In effect, Pollock himself uses the following argument against a Kyburg-style treatment of the Lottery Paradox on which a subject is justified in believing of each ticket that it will lose: If the subject was justified in believing of each ticket that it will lose, then she could reason to the conclusion that no matter what the price, she should not buy a lottery ticket.Footnote 42 But it clearly is rational to buy a lottery ticket. The problem is that Pollock’s own account has the same consequence for non-standard lotteries. In such lotteries, a subject is justified in believing of each ticket that it will lose. Then, if she is offered the possibility of buying a ticket, she can reason to the conclusion that she should not buy the ticket no matter what the price. But surely it is just as rational to buy a ticket for a standard lottery for a certain price as it is to buy a ticket for an independent lottery for that price, provided that the chances of both tickets winning are the same! Moreover, the fact that the subject is justified in believing that no ticket will win is in itself extremely implausible, given that there is a very high chance that at least one ticket will win. In particular, situations in which a subject knows that a proposition p is extremely likely to be false tend to elicit defeat-intuitions: should not the subject’s knowledge that it is extremely likely that at least one ticket will win defeat her justification for believing that no ticket will win? Hence, the additional worry is that the resulting picture cannot take into account intuitions about defeat after all.

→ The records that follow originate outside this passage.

theorem integral_norm_dirichlet_polynomial_squared_le:
  fixes S :: "nat set" and b :: "nat \<Rightarrow> complex"
  assumes S: "finite S" "0 \<notin> S" and bound: "\<forall>m\<in>S. real m \<le> N"
    and N: "0 \<le> N" "N \<le> T" and T: "0 < T"
  shows "integral {T..2*T} (\<lambda>t. (cmod (\<Sum>m\<in>S. b m * cis (-(t * ln (real m)))))^2)
     \<le> 34 * T * (\<Sum>m\<in>S. (cmod (b m))^2)"
proof -
  define \<xi> where "\<xi> m n = ln (real m) - ln (real n)" for m n :: nat
  define u where "u m n = Re (b m * cnj (b n))" for m n
  define v where "v m n = Im (b m * cnj (b n))" for m n
  define W where "W m n t = u m n * cos (t * \<xi> m n) + v m n * sin (t * \<xi> m n)" for m n t
  define B where "B = (\<Sum>m\<in>S. (cmod (b m))^2)"
  define h where "h t = B + (\<Sum>m\<in>S. \<Sum>n\<in>S-{m}. W m n t)" for t
  define g where "g t = t * B + (\<Sum>m\<in>S. \<Sum>n\<in>S-{m}.
      (u m n * sin (t * \<xi> m n) - v m n * cos (t * \<xi> m n)) / \<xi> m n)" for t
  define G where "G t = t^2/2 * B - (\<Sum>m\<in>S. \<Sum>n\<in>S-{m}. W m n t / (\<xi> m n)^2)" for t
  have \<xi>_nonzero: "\<xi> m n \<noteq> 0" if "m \<in> S" "n \<in> S-{m}" for m n
  proof
    assume "\<xi> m n = 0"
    moreover have "0 < m" "0 < n" using that S(2) by (auto intro: gr0I)
    ultimately show False using that unfolding \<xi>_def by simp
  qed
  have h_eq: "(cmod (\<Sum>m\<in>S. b m * cis (-(t * ln (real m)))))^2 = h t" for t
    using norm_sum_cis_squared[OF S(1)] unfolding h_def W_def \<xi>_def B_def u_def v_def by simp
  have g_deriv: "(g has_real_derivative h t) (at t)" for t
    unfolding g_def h_def W_def
    by (intro DERIV_add DERIV_sum has_real_derivative_sin_cos_div \<xi>_nonzero)
       (auto intro!: derivative_eq_intros)
  have "((\<lambda>t. \<Sum>m\<in>S. \<Sum>n\<in>S-{m}. W m n t / (\<xi> m n)^2) has_real_derivative
      (\<Sum>m\<in>S. \<Sum>n\<in>S-{m}. - ((u m n * sin (t * \<xi> m n) - v m n * cos (t * \<xi> m n)) / \<xi> m n))) (at t)" for t
    unfolding W_def by (intro DERIV_sum has_real_derivative_cos_sin_div_sq \<xi>_nonzero) auto
  then have G_deriv: "(G has_real_derivative g t) (at t)" for t
    unfolding G_def g_def
    by (rule DERIV_cong[OF DERIV_diff[rotated]]) (auto intro!: derivative_eq_intros simp: sum_negf)
  have W_bound: "\<bar>W m n t\<bar> \<le> cmod (b m) * cmod (b n)" for m n t
    using abs_Re_cos_plus_Im_sin_le[of "b m * cnj (b n)"] unfolding W_def u_def v_def
    by (simp add: norm_mult)
  have "G (5/2*T) + G (T/2) - G (2*T) - G T = 3/4 * T^2 * B + (\<Sum>m\<in>S. \<Sum>n\<in>S-{m}.
      (W m n (2*T) + W m n T - W m n (5/2*T) - W m n (T/2)) / (\<xi> m n)^2)"
    unfolding G_def add_divide_distrib diff_divide_distrib sum.distrib sum_subtractf
    by (simp add: algebra_simps power2_eq_square)
  also have "\<dots> \<le> 3/4 * T^2 * B + 4 * (\<Sum>m\<in>S. \<Sum>n\<in>S-{m}.
      \<bar>cmod (b m)\<bar> * \<bar>cmod (b n)\<bar> / (ln (real m) - ln (real n))^2)"
    unfolding sum_distrib_left \<xi>_def
  proof (intro add_left_mono sum_mono)
    fix m n
    have "W m n (2*T) + W m n T - W m n (5/2*T) - W m n (T/2) \<le> 4 * (cmod (b m) * cmod (b n))"
      using W_bound[of m n "2*T"] W_bound[of m n T] W_bound[of m n "5/2*T"] W_bound[of m n "T/2"]
      by linarith
    then show "(W m n (2*T) + W m n T - W m n (5/2*T) - W m n (T/2)) / (ln (real m) - ln (real n))^2
        \<le> 4 * (\<bar>cmod (b m)\<bar> * \<bar>cmod (b n)\<bar> / (ln (real m) - ln (real n))^2)"
      by (simp add: divide_right_mono)
  qed
  also have "\<dots> \<le> 3/4 * T^2 * B + 4 * (4 * N^2 * B)"
    using offdiagonal_sum_inverse_ln_diff_sq_le[OF S bound, of "\<lambda>m. cmod (b m)"]
    unfolding B_def by simp
  also have "\<dots> \<le> 3/4 * T^2 * B + 16 * T^2 * B"
    using N by (simp add: B_def sum_nonneg mult_right_mono power_mono)
  finally have G_bound: "G (5/2*T) + G (T/2) - G (2*T) - G T \<le> 67/4 * T^2 * B"
    by (simp add: mult_ac)
  have "integral {T..2*T} (\<lambda>t. (cmod (\<Sum>m\<in>S. b m * cis (-(t * ln (real m)))))^2)
      \<le> 2 / T * (G (5/2*T) + G (T/2) - G (2*T) - G T)"
    unfolding h_eq
    by (rule integral_le_second_antiderivative[OF T _ g_deriv G_deriv]) (metis h_eq zero_le_power2)
  also have "\<dots> \<le> 2 / T * (67/4 * T^2 * B)"
    using G_bound T by (intro mult_left_mono) auto
  also have "\<dots> \<le> 34 * T * B"
    using T by (simp add: B_def power2_eq_square sum_nonneg mult_right_mono)
  finally show ?thesis unfolding B_def .
qed

lemma norm_sum_squared_le_weighted:
  fixes z :: "'i \<Rightarrow> 'a::real_normed_vector" and w :: "'i \<Rightarrow> real"
  assumes "\<forall>i\<in>A. 0 < w i"
  shows "(norm (\<Sum>i\<in>A. z i))^2 \<le> (\<Sum>i\<in>A. w i) * (\<Sum>i\<in>A. (norm (z i))^2 / w i)"
proof -
  have "(norm (\<Sum>i\<in>A. z i))^2 \<le> (\<Sum>i\<in>A. norm (z i))^2"
    by (intro power_mono norm_sum) simp
  also have "(\<Sum>i\<in>A. norm (z i)) = (\<Sum>i\<in>A. sqrt (w i) * (norm (z i) / sqrt (w i)))"
    by (rule sum.cong) (use assms in auto)
  also have "(\<dots>)^2 \<le> (\<Sum>i\<in>A. (sqrt (w i))^2) * (\<Sum>i\<in>A. (norm (z i) / sqrt (w i))^2)"
    by (rule Cauchy_Schwarz_ineq_sum)
  also have "\<dots> = (\<Sum>i\<in>A. w i) * (\<Sum>i\<in>A. (norm (z i))^2 / w i)"
    using assms by (intro arg_cong2[where f="(*)"] sum.cong) (auto simp: power_divide)
  finally show ?thesis .
qed

text \<open>Terms with equal frequencies are merged, and each merged coefficient is split again by
  Cauchy--Schwarz with the weights \<open>w\<close>.\<close>
lemma integral_norm_dirichlet_polynomial_family_squared_le:
  fixes I :: "'i set" and f :: "'i \<Rightarrow> nat" and z :: "'i \<Rightarrow> complex" and w :: "'i \<Rightarrow> real"
  assumes I: "finite I" and f: "\<forall>i\<in>I. 0 < f i \<and> real (f i) \<le> N"
    and N: "0 \<le> N" "N \<le> T" and T: "0 < T" and w: "\<forall>i\<in>I. 0 < w i"
  shows "integral {T..2*T} (\<lambda>t. (cmod (\<Sum>i\<in>I. z i * cis (-(t * ln (real (f i))))))^2)
    \<le> 34 * T * (\<Sum>i\<in>I. (cmod (z i))^2 / w i * (\<Sum>j\<in>{j\<in>I. f j = f i}. w j))"
proof -
  define b where "b m = (\<Sum>i\<in>{i\<in>I. f i = m}. z i)" for m
  have merge: "(\<Sum>i\<in>I. z i * cis (-(t * ln (real (f i))))) = (\<Sum>m\<in>f ` I. b m * cis (-(t * ln (real m))))" for t
    unfolding b_def sum_distrib_right by (subst sum.image_gen[OF I, of _ f]) (intro sum.cong; auto)
  have fI: "finite (f ` I)" "0 \<notin> f ` I" "\<forall>m\<in>f ` I. real m \<le> N" using I f by auto
  have "integral {T..2*T} (\<lambda>t. (cmod (\<Sum>i\<in>I. z i * cis (-(t * ln (real (f i))))))^2)
      \<le> 34 * T * (\<Sum>m\<in>f ` I. (cmod (b m))^2)"
    unfolding merge by (rule integral_norm_dirichlet_polynomial_squared_le[OF fI N T])
  also have "(\<Sum>m\<in>f ` I. (cmod (b m))^2)
      \<le> (\<Sum>m\<in>f ` I. \<Sum>i\<in>{i\<in>I. f i = m}. (cmod (z i))^2 / w i * (\<Sum>j\<in>{j\<in>I. f j = m}. w j))"
  proof (rule sum_mono)
    fix m
    have "(cmod (b m))^2 \<le> (\<Sum>j\<in>{j\<in>I. f j = m}. w j) * (\<Sum>i\<in>{i\<in>I. f i = m}. (cmod (z i))^2 / w i)"
      unfolding b_def by (rule norm_sum_squared_le_weighted) (use w in auto)
    also have "\<dots> = (\<Sum>i\<in>{i\<in>I. f i = m}. (cmod (z i))^2 / w i) * (\<Sum>j\<in>{j\<in>I. f j = m}. w j)"
      by (rule mult.commute)
    finally show "(cmod (b m))^2
        \<le> (\<Sum>i\<in>{i\<in>I. f i = m}. (cmod (z i))^2 / w i * (\<Sum>j\<in>{j\<in>I. f j = m}. w j))"
      by (simp only: sum_distrib_right)
  qed
  also have "\<dots> = (\<Sum>i\<in>I. (cmod (z i))^2 / w i * (\<Sum>j\<in>{j\<in>I. f j = f i}. w j))"
    by (subst sum.image_gen[OF I, of _ f]) (intro sum.cong; auto)
  finally show ?thesis using T by (simp add: mult_left_mono)
qed
(* Let $(\mathcal G,\lambda)$ be a small morphism-colored groupoid satisfying the inverse-compatibility condition, and let $I_1$ be the image of $\lambda$. Then the relation $\overset{1}{\sim}$ on $I_1$ is an equivalence relation.
   Context: A morphism-colored category is a pair $(\mathcal C,\lambda)$ where $\mathcal C$ is a category and $\lambda$ assigns to each morphism $f$ a color $\lambda(f)$, such that: whenever $g,f_1,f_2$ with $(f_1,f_2)$ composable satisfy $\lambda(g)=\lambda(f_1\circ f_2)$, there exist composable $g_1,g_2$ with $g=g_1\circ g_2$, $\lambda(g_1)=\lambda(f_1)$, $\lambda(g_2)=\lambda(f_2)$. It is a morphism-colored groupoid if $\mathcal C$ is a groupoid, and small if $\mathcal C$ is small and $\lambda$ is a map into a set. Inverse-compatibility: $\lambda(f)=\lambda(g)$ implies $\lambda(f^{-1})=\lambda(g^{-1})$. The relation $\overset{1}{\sim}$ on $I_1=\lambda(\mathrm{Mor}(\mathcal G))$: for every $l\ge1$ and every pair of composable sequences $(f_1,\dots,f_l)$, $(g_1,\dots,g_l)$ of morphisms of $\mathcal G$ with $\lambda(f_i)=\lambda(g_i)$ for $i=1,\dots,l$, declare $\lambda(f_1\circ\cdots\circ f_l)\overset{1}{\sim}\lambda(g_1\circ\cdots\circ g_l)$; no other pairs are related. *)

theory Defs
  imports Main
begin

text \<open>Convention: Comp C g f is
  g composed after f, defined (composable pair (g,f)) when Dom g = Cod f.\<close>

record ('o, 'm) cat =
  Obj :: "'o set"
  Mor :: "'m set"
  Dom :: "'m \<Rightarrow> 'o"
  Cod :: "'m \<Rightarrow> 'o"
  Comp :: "'m \<Rightarrow> 'm \<Rightarrow> 'm"
  Ident :: "'o \<Rightarrow> 'm"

The peculiarity of distinguishing between standard and independent lotteries is made most pressing when we consider the fact that one and the same ticket can be part of both a standard and an independent lottery. In effect, this was true of the non-standard lottery described. Each ticket #i was part of a standard lottery, winning the non-standard lottery just in case it won the standard lottery. What should the structuralist wedded to WLP say about such cases? Presumably, when considering ticket #1, for instance, as part of the standard lottery, a subject is not justified in believing that it will lose. But by the above account, is not she justified in believing that it will lose when she considers it as part of the non-standard lottery, even if the ticket loses the non-standard lottery just in case it loses the standard lottery? This seems absurd.

9 Conclusions

I began with some widely accepted and at first sight intuitive ideas about well-founded or doxastically justified belief. The basic thought was that for a belief to be justified, it must be based on adequate, undefeated reasons. I sketched a formal framework within which this basic structuralist insight could be made more precise. I looked at two approaches to computing degrees of justification within this framework. I argued that a probabilistic approach is difficult to reconcile with the basic tenets of a structuralist way of thinking. I then looked at the alternative, non-probabilistic approach committed to the WLP and justification closure. I argued that a view based on WLP must give a sceptical treatment of the Lottery Paradox, a treatment on which a subject is not justified in believing of any of the individual tickets in the lottery that it will lose. The problem is that either this treatment of the Lottery Paradox overgeneralises into a widespread scepticism about justification, or else unmotivated, epistemically spurious distinctions have to be drawn between different types of lotteries. All this casts severe doubt on the ability of the non-probabilistic structuralist framework sketched to provide a theory of doxastic justification. Given that both probabilistic and non-probabilistic varieties of structuralism appear to be untenable, this gives at least some reason to question the coherence of the very idea of well-founded belief, and of the role that the resulting notion of doxastic justification ought to play in epistemology. To say the very least, the burden is on those interested in the idea of well-founded belief to develop a viable theory.